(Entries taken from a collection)
# # # # # # #

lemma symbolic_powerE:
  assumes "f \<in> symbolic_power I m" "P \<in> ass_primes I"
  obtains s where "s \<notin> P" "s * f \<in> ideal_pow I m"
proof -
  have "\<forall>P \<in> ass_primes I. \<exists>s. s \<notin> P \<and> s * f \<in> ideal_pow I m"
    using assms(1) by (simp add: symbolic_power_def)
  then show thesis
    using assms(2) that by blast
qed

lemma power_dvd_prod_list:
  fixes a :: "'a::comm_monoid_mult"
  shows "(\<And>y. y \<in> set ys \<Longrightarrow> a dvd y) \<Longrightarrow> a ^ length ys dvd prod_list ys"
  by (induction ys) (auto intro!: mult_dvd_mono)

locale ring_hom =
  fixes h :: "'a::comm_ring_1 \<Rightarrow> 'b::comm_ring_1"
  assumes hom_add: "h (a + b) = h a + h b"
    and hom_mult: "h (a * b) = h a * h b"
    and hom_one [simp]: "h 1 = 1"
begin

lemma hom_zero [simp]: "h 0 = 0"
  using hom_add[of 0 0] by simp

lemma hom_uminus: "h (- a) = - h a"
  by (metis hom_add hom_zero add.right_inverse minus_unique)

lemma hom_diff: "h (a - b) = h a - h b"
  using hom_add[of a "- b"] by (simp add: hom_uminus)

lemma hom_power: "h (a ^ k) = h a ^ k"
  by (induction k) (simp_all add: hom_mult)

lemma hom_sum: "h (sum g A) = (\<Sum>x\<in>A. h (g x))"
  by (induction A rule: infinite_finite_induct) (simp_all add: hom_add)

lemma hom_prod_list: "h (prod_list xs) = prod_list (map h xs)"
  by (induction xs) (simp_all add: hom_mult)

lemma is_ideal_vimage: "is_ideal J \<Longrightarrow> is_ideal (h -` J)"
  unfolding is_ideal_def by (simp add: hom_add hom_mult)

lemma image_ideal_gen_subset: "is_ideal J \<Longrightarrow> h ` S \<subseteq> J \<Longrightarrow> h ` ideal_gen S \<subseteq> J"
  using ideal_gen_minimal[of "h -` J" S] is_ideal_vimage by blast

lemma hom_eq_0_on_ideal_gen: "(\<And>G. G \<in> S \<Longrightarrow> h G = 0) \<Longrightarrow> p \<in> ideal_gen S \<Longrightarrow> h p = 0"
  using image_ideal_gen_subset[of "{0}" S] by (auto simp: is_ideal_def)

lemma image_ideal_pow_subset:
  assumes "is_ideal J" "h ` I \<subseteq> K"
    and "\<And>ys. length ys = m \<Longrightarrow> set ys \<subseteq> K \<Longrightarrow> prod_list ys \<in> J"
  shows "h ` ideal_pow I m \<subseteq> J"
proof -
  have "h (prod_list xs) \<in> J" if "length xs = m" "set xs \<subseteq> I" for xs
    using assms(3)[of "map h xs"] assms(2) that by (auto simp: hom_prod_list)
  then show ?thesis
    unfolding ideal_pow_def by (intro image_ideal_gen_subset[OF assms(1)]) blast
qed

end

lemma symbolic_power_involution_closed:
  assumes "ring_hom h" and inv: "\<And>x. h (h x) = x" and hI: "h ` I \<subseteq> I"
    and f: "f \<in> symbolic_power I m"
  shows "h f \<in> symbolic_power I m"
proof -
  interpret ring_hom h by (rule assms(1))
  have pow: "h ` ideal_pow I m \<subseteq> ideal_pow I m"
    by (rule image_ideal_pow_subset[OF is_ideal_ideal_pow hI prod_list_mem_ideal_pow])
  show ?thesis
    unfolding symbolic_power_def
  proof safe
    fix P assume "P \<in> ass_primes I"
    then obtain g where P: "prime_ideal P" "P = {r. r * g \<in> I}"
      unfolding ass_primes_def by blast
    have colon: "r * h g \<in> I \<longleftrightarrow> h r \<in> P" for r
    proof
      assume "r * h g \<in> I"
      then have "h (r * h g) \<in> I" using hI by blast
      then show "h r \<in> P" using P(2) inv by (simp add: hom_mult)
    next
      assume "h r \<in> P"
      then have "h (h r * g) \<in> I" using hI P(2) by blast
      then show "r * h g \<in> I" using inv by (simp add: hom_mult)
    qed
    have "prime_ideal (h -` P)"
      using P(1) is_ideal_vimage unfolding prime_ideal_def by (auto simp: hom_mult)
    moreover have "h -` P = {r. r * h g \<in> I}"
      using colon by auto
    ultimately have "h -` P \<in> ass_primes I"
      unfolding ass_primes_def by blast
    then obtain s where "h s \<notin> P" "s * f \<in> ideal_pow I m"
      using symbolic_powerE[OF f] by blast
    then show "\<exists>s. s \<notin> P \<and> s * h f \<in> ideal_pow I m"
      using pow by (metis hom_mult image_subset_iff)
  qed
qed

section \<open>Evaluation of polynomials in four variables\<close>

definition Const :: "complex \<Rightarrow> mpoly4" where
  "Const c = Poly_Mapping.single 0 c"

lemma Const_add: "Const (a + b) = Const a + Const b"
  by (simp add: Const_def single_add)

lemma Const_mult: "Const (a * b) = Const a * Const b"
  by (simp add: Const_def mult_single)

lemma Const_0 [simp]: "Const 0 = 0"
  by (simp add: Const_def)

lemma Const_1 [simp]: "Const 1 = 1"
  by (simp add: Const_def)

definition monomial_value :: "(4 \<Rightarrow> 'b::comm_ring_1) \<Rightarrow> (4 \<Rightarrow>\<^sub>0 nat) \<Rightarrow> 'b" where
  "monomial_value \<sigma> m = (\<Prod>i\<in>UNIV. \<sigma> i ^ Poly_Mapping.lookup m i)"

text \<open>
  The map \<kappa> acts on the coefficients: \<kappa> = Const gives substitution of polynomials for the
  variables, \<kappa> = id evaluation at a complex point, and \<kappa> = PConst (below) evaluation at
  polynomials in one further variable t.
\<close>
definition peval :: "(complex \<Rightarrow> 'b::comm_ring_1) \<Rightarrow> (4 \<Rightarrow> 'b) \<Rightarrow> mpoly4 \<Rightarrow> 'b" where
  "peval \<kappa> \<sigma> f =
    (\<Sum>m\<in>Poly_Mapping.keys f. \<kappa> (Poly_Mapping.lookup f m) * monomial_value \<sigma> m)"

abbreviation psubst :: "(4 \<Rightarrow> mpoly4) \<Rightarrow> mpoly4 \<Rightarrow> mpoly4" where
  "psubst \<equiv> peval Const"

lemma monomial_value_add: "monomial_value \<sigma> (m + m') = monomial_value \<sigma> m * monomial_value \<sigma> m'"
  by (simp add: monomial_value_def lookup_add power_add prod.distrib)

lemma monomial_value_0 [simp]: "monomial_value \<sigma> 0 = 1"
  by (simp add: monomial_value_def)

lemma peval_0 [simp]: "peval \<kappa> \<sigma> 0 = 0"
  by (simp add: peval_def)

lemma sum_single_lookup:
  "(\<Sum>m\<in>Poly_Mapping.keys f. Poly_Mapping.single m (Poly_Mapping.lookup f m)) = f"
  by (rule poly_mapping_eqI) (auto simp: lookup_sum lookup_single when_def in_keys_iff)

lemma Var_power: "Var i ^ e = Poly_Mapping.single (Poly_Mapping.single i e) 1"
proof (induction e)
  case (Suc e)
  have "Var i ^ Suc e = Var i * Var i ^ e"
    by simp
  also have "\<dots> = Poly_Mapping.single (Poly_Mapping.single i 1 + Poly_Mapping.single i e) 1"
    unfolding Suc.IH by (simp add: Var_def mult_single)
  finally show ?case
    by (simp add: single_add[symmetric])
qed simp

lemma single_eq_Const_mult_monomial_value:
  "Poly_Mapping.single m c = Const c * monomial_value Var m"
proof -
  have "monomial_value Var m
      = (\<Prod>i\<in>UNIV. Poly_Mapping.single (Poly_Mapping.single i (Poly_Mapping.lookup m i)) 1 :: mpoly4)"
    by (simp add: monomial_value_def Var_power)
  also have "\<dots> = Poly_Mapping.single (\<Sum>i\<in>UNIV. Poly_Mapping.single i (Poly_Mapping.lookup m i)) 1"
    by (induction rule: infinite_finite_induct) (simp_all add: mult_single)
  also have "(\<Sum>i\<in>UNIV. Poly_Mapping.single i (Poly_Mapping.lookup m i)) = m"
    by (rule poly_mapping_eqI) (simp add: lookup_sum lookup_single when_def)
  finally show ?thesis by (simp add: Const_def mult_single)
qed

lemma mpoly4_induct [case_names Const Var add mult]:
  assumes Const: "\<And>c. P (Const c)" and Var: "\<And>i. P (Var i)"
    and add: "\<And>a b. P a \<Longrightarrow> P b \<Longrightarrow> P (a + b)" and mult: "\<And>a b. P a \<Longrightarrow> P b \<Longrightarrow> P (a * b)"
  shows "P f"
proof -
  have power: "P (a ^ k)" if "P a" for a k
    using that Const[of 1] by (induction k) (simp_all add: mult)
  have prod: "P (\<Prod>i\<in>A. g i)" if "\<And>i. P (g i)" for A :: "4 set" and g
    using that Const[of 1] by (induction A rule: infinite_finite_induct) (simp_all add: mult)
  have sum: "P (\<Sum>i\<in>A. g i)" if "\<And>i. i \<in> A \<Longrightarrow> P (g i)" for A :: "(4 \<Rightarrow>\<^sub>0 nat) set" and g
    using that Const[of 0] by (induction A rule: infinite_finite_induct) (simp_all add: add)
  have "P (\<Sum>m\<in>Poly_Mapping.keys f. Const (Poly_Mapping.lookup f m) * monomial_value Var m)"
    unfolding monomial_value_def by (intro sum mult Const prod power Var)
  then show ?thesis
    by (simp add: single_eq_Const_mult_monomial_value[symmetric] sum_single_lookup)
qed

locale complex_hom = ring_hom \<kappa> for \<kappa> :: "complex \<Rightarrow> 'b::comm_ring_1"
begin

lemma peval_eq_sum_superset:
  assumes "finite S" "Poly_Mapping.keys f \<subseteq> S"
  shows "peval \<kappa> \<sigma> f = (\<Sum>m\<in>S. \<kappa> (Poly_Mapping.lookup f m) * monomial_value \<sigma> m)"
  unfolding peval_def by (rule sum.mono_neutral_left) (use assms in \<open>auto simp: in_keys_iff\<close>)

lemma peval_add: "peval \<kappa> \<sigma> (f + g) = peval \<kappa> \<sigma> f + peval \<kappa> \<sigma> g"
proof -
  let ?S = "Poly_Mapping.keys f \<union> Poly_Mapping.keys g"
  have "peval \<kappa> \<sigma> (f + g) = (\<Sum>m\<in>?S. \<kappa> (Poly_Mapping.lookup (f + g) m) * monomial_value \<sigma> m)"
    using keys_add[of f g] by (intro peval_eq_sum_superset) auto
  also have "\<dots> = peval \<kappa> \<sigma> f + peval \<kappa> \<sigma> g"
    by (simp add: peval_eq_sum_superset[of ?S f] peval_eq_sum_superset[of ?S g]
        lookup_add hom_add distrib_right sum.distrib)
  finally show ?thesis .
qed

# # # # # # #

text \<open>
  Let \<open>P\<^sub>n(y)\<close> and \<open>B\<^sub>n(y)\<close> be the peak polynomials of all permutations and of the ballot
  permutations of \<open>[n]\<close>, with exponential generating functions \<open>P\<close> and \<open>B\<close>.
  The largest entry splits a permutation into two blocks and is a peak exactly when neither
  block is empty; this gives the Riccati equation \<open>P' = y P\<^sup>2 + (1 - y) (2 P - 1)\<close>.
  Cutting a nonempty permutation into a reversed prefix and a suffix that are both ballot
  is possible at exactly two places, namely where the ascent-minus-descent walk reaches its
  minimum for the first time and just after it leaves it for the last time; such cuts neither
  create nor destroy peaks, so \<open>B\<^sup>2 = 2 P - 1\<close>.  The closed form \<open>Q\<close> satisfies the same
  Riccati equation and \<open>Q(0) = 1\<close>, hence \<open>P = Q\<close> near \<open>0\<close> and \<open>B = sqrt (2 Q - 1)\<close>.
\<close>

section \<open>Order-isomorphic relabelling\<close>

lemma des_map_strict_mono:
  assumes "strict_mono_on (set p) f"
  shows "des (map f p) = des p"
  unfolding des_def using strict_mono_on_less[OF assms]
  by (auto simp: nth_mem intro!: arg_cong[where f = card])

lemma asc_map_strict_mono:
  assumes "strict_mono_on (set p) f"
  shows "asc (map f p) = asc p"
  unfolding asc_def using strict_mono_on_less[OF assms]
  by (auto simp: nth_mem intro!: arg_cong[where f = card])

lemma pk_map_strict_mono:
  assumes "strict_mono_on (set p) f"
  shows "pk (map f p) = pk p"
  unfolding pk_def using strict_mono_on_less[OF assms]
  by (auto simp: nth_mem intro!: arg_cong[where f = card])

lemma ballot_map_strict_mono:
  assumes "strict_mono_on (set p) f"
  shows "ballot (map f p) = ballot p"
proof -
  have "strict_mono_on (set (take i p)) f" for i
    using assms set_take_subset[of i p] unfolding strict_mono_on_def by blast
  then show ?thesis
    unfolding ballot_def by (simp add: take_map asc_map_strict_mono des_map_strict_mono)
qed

# # # # # # #

* WHAT THE TASK ASKS *
Only the lines of the data holding the string "notin" are wanted; copy each of them.

* RESPONSE *
  obtains s where "s \<notin> P" "s * f \<in> ideal_pow I m"
  have "\<forall>P \<in> ass_primes I. \<exists>s. s \<notin> P \<and> s * f \<in> ideal_pow I m"
    then obtain s where "h s \<notin> P" "s * f \<in> ideal_pow I m"
    then show "\<exists>s. s \<notin> P \<and> s * h f \<in> ideal_pow I m"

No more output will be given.